Gravitational attraction of ultra-relativistic matter: A new testbed for modified gravity at the Large Hadron Collider

TL;DR

This paper proposes a novel method to test modified gravity theories using ultrarelativistic particle beams at the Large Hadron Collider, by analyzing the gravitational effects on nearby sensors.

Contribution

It derives the scalar-tensor gravity field of an ultrarelativistic beam and suggests using accelerator-based experiments to detect deviations from general relativity.

Findings

Significant differences in momentum transfer between GR and scalar-tensor gravity at high velocities.

Potential for collider experiments to constrain or detect modified gravity effects.

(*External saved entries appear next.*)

(* Let $\tilde n$ be a set of names and $\mathtt{s}\in\tilde n$. Let $M$ be a ground term public with respect to $\tilde n$, and let $U,V$ be terms such that for every occurrence $q_{\mathtt{s}}$ of $\mathtt{s}$ in $U$ (respectively in $V$) there is an encryption occurrence $q_{\mathsf{enc}}$ in $U$ (respectively in $V$) with $q_{\mathsf{enc}}\cdot1\le q_{\mathtt{s}}$ which is an agent encryption with respect to $\tilde n\setminus\{\mathtt{s}\}$ and a probabilistic encryption with respect to $\{U,V\}$. Then $U[\mathtt{s}/M]=V[\mathtt{s}/M]$ (syntactic equality) implies $U=V$.
   Context: Terms are built over function symbols including $\mathsf{enc}$ and $\mathsf{enca}$ (arity 3) and $\mathsf{priv}$, constants, names and variables. A term is public w.r.t. a set of names $\tilde n$ if it contains no name of $\tilde n$ and no symbol $\mathsf{priv}$. Positions are sequences of positive integers ordered by prefix $\le$; $T|_p$ is the subterm at $p$; $T[\mathtt{s}/M]$ replaces every occurrence of the name $\mathtt{s}$ by $M$. An encryption occurrence in $U$ is a position $q$ where the head of $U|_q$ is $\mathsf{enc}$ or $\mathsf{enca}$; it is an agent encryption w.r.t. a set of names $\tilde m$ if $U|_{q\cdot3}\in\tilde m$; it is a probabilistic encryption w.r.t. a set of terms $S$ if for all $W\in S$ and positions $p$ with $W|_p=U|_{q\cdot3}$ we have $p=q'\cdot3$ for some $q'$ with $W|_{q'}=U|_q$. *)

theory Defs
  imports Main "HOL-Library.Sublist"
begin

datatype 'f sym = Enc | Enca | Priv | F 'f

datatype ('f, 'c, 'n, 'v) trm =
    Var 'v | Nm 'n | Cst 'c | Fun "'f sym" "('f, 'c, 'n, 'v) trm list"

fun sym_arity :: "('f \<Rightarrow> nat) \<Rightarrow> 'f sym \<Rightarrow> nat" where
  "sym_arity ar Enc = 3"
| "sym_arity ar Enca = 3"
| "sym_arity ar Priv = 1"
| "sym_arity ar (F f) = ar f"

fun wf_trm :: "('f \<Rightarrow> nat) \<Rightarrow> ('f, 'c, 'n, 'v) trm \<Rightarrow> bool" where
  "wf_trm ar (Fun g ts) = (length ts = sym_arity ar g \<and> (\<forall>t\<in>set ts. wf_trm ar t))"
| "wf_trm ar _ = True"

fun vars_of :: "('f, 'c, 'n, 'v) trm \<Rightarrow> 'v set" where
  "vars_of (Var x) = {x}"
| "vars_of (Fun g ts) = (\<Union>t\<in>set ts. vars_of t)"
| "vars_of _ = {}"

fun names_of :: "('f, 'c, 'n, 'v) trm \<Rightarrow> 'n set" where
  "names_of (Nm a) = {a}"
| "names_of (Fun g ts) = (\<Union>t\<in>set ts. names_of t)"
| "names_of _ = {}"

fun syms_of :: "('f, 'c, 'n, 'v) trm \<Rightarrow> 'f sym set" where
  "syms_of (Fun g ts) = insert g (\<Union>t\<in>set ts. syms_of t)"
| "syms_of _ = {}"

definition ground :: "('f, 'c, 'n, 'v) trm \<Rightarrow> bool" where
  "ground T \<longleftrightarrow> vars_of T = {}"

definition public :: "'n set \<Rightarrow> ('f, 'c, 'n, 'v) trm \<Rightarrow> bool" where
  "public N T \<longleftrightarrow> names_of T \<inter> N = {} \<and> Priv \<notin> syms_of T"

text \<open>Positions are lists of positive integers (arguments indexed from 1);
  subterm at a position (None if the position does not exist).\<close>
fun subt :: "('f, 'c, 'n, 'v) trm \<Rightarrow> nat list \<Rightarrow> ('f, 'c, 'n, 'v) trm option" where
  "subt T [] = Some T"
| "subt (Fun g ts) (i # p) = (if 1 \<le> i \<and> i \<le> length ts then subt (ts ! (i - 1)) p else None)"
| "subt _ (_ # _) = None"

fun repl :: "'n \<Rightarrow> ('f, 'c, 'n, 'v) trm \<Rightarrow> ('f, 'c, 'n, 'v) trm \<Rightarrow> ('f, 'c, 'n, 'v) trm" where
  "repl s M (Nm a) = (if a = s then M else Nm a)"
| "repl s M (Fun g ts) = Fun g (map (repl s M) ts)"
| "repl s M T = T"

definition enc_occ :: "('f, 'c, 'n, 'v) trm \<Rightarrow> nat list \<Rightarrow> bool" where
  "enc_occ U q \<longleftrightarrow> (\<exists>g ts. subt U q = Some (Fun g ts) \<and> (g = Enc \<or> g = Enca))"

definition agent_enc :: "('f, 'c, 'n, 'v) trm \<Rightarrow> nat list \<Rightarrow> 'n set \<Rightarrow> bool" where
  "agent_enc U q N \<longleftrightarrow> (\<exists>k. subt U (q @ [3]) = Some (Nm k) \<and> k \<in> N)"

definition prob_enc :: "('f, 'c, 'n, 'v) trm \<Rightarrow> nat list \<Rightarrow> ('f, 'c, 'n, 'v) trm set \<Rightarrow> bool" where
  "prob_enc U q S \<longleftrightarrow>
     (\<forall>W\<in>S. \<forall>p. subt W p = subt U (q @ [3]) \<longrightarrow>
        (\<exists>q'. p = q' @ [3] \<and> subt W q' = subt U q))"

end

theory Submission
  imports Defs
begin

text \<open>An occurrence of \<open>s\<close> in \<open>U\<close> lies under an encryption whose key is a secret name
  \<open>k \<noteq> s\<close>. Replacing \<open>s\<close> by the public term \<open>M\<close> cannot create or destroy an occurrence
  of \<open>k\<close>, so \<open>V\<close> carries the same key at the same position, and probabilistic encryption
  forces the whole encryption subterm of \<open>V\<close> there to be the one of \<open>U\<close>. Hence \<open>U\<close> and
  \<open>V\<close> have the same occurrences of \<open>s\<close>, and on such pairs of terms the replacement is
  injective.\<close>

lemma subt_append:
  "subt T (p @ q) = (case subt T p of None \<Rightarrow> None | Some t \<Rightarrow> subt t q)"
proof (induction p arbitrary: T)
  case Nil then show ?case by simp
next
  case (Cons i p) then show ?case by (cases T) auto
qed

lemma subt_prefix_cong:
  assumes "prefix q p" and "subt V q = subt U q"
  shows "subt V p = subt U p"
  using assms by (auto simp: prefix_def subt_append)

lemma subt_repl:
  "subt T q = Some t \<Longrightarrow> subt (repl s M T) q = Some (repl s M t)"
proof (induction q arbitrary: T)
  case Nil then show ?case by simp
next
  case (Cons i q) then show ?case by (cases T) (auto split: if_splits)
qed

lemma names_of_subt: "subt T q = Some (Nm k) \<Longrightarrow> k \<in> names_of T"
proof (induction q arbitrary: T)
  case Nil then show ?case by simp
next
  case (Cons i q) then show ?case
    by (cases T) (auto split: if_splits intro!: bexI nth_mem)
qed

lemma subt_repl_NmD:
  assumes "subt (repl s M T) q = Some (Nm k)" and "k \<noteq> s" and "k \<notin> names_of M"
  shows "subt T q = Some (Nm k)"
  using assms(1)
proof (induction q arbitrary: T)
  case Nil then show ?case
    using assms(2,3) by (cases T) (auto split: if_splits)
next
  case (Cons i q) then show ?case
    using assms(3) names_of_subt[of M] by (cases T) (auto split: if_splits)
qed

lemma subt_repl_eq_under_agent_prob_enc:
  assumes "agent_enc U qe (N - {s})" and "prob_enc U qe S" and "V \<in> S"
    and "public N M" and "repl s M U = repl s M V"
  shows "subt V qe = subt U qe"
proof -
  obtain k where key: "subt U (qe @ [3]) = Some (Nm k)" and "k \<in> N" "k \<noteq> s"
    using assms(1) unfolding agent_enc_def by auto
  then have "k \<notin> names_of M"
    using assms(4) unfolding public_def by auto
  moreover have "subt (repl s M V) (qe @ [3]) = Some (Nm k)"
    using subt_repl[OF key, of s M] \<open>k \<noteq> s\<close> assms(5) by simp
  ultimately have "subt V (qe @ [3]) = Some (Nm k)"
    using subt_repl_NmD \<open>k \<noteq> s\<close> by metis
  then obtain q' where "qe @ [3] = q' @ [3]" and "subt V q' = subt U qe"
    using assms(2,3) key unfolding prob_enc_def by metis
  then show ?thesis by simp
qed

lemma repl_inj_on_same_occurrences:
  assumes "\<And>p. subt U p = Some (Nm s) \<longleftrightarrow> subt V p = Some (Nm s)"
    and "repl s M U = repl s M V"
  shows "U = V"
  using assms
proof (induction U arbitrary: V)
  case (Fun g ts)
  have "V \<noteq> Nm s"
    using Fun.prems(1)[of "[]"] by auto
  with Fun.prems(2) obtain ts' where V: "V = Fun g ts'"
    and reprs: "map (repl s M) ts = map (repl s M) ts'"
    by (cases V) (auto split: if_splits)
  have "ts ! j = ts' ! j" if j: "j < length ts" for j
  proof (rule Fun.IH)
    show "ts ! j \<in> set ts" using j by simp
    have "length ts' = length ts" using reprs by (metis length_map)
    then show "subt (ts ! j) p = Some (Nm s) \<longleftrightarrow> subt (ts' ! j) p = Some (Nm s)" for p
      using Fun.prems(1)[of "Suc j # p"] j V by simp
    show "repl s M (ts ! j) = repl s M (ts' ! j)"
      using reprs j by (metis length_map nth_map)
  qed
  then show ?case
    using V reprs by (metis length_map nth_equalityI)
next
  case (Nm a)
  then show ?case
    using Nm.prems(1)[of "[]"] by (cases V) (auto split: if_splits)
next
  case (Var x)
  then show ?case
    using Var.prems(1)[of "[]"] by (cases V) (auto split: if_splits)
next
  case (Cst c)
  then show ?case
    using Cst.prems(1)[of "[]"] by (cases V) (auto split: if_splits)
qed

theorem lemma2p13:
  fixes ar :: "'f \<Rightarrow> nat"
    and N :: "'n set" and s :: 'n
    and M U V :: "('f, 'c, 'n, 'v) trm"
  assumes "s \<in> N"
    and "wf_trm ar M" "wf_trm ar U" "wf_trm ar V"
    and "ground M" and "public N M"
    and "\<forall>qs. subt U qs = Some (Nm s) \<longrightarrow>
           (\<exists>qe. enc_occ U qe \<and> prefix (qe @ [1]) qs \<and>
                 agent_enc U qe (N - {s}) \<and> prob_enc U qe {U, V})"
    and "\<forall>qs. subt V qs = Some (Nm s) \<longrightarrow>
           (\<exists>qe. enc_occ V qe \<and> prefix (qe @ [1]) qs \<and>
                 agent_enc V qe (N - {s}) \<and> prob_enc V qe {U, V})"
  shows "repl s M U = repl s M V \<longrightarrow> U = V"
proof
  assume eq: "repl s M U = repl s M V"
  have transfer: "subt T' p = Some (Nm s)"
    if occ: "subt T p = Some (Nm s)" and T': "T' \<in> {U, V}"
      and protected: "\<forall>qs. subt T qs = Some (Nm s) \<longrightarrow>
           (\<exists>qe. enc_occ T qe \<and> prefix (qe @ [1]) qs \<and>
                 agent_enc T qe (N - {s}) \<and> prob_enc T qe {U, V})"
      and eq': "repl s M T = repl s M T'"
    for T T' p
  proof -
    obtain qe where "prefix (qe @ [1]) p" "agent_enc T qe (N - {s})" "prob_enc T qe {U, V}"
      using occ protected by blast
    with subt_repl_eq_under_agent_prob_enc[OF _ _ T' assms(6) eq']
    show ?thesis
      using occ subt_prefix_cong append_prefixD by metis
  qed
  show "U = V"
  proof (rule repl_inj_on_same_occurrences[OF _ eq])
    show "subt U p = Some (Nm s) \<longleftrightarrow> subt V p = Some (Nm s)" for p
      using transfer[of U p V] transfer[of V p U] assms(7,8) eq by auto
  qed
qed

end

Ultrarelativistic beams can serve as a new testbed for gravitational theories.

Abstract

We derive the scalar-tensor modification of the gravitational field of an ultrarelativistic particle beam and its effect on a test particle that is used as sensor. To do so, we solve the linearized scalar-tensor gravity field equations sourced by an energy-momentum tensor of a moving point particle. The geodesic equation and the geodesic deviation equation then predict the acceleration of the test particle as well as the momentum transfer due to a passing source. Comparing the momentum transfer predicted by general relativity and scalar tensor gravity, we find that there exists a relevant parameter regime where this difference increases significantly with the velocity of the source particle. Since ultrarelativistic particles are available at accelerators like the Large Hadron Collider, ultraprecise acceleration sensors in the vicinity of the particle beam could potentially detect deviations from general relativity or constrain modified gravity models.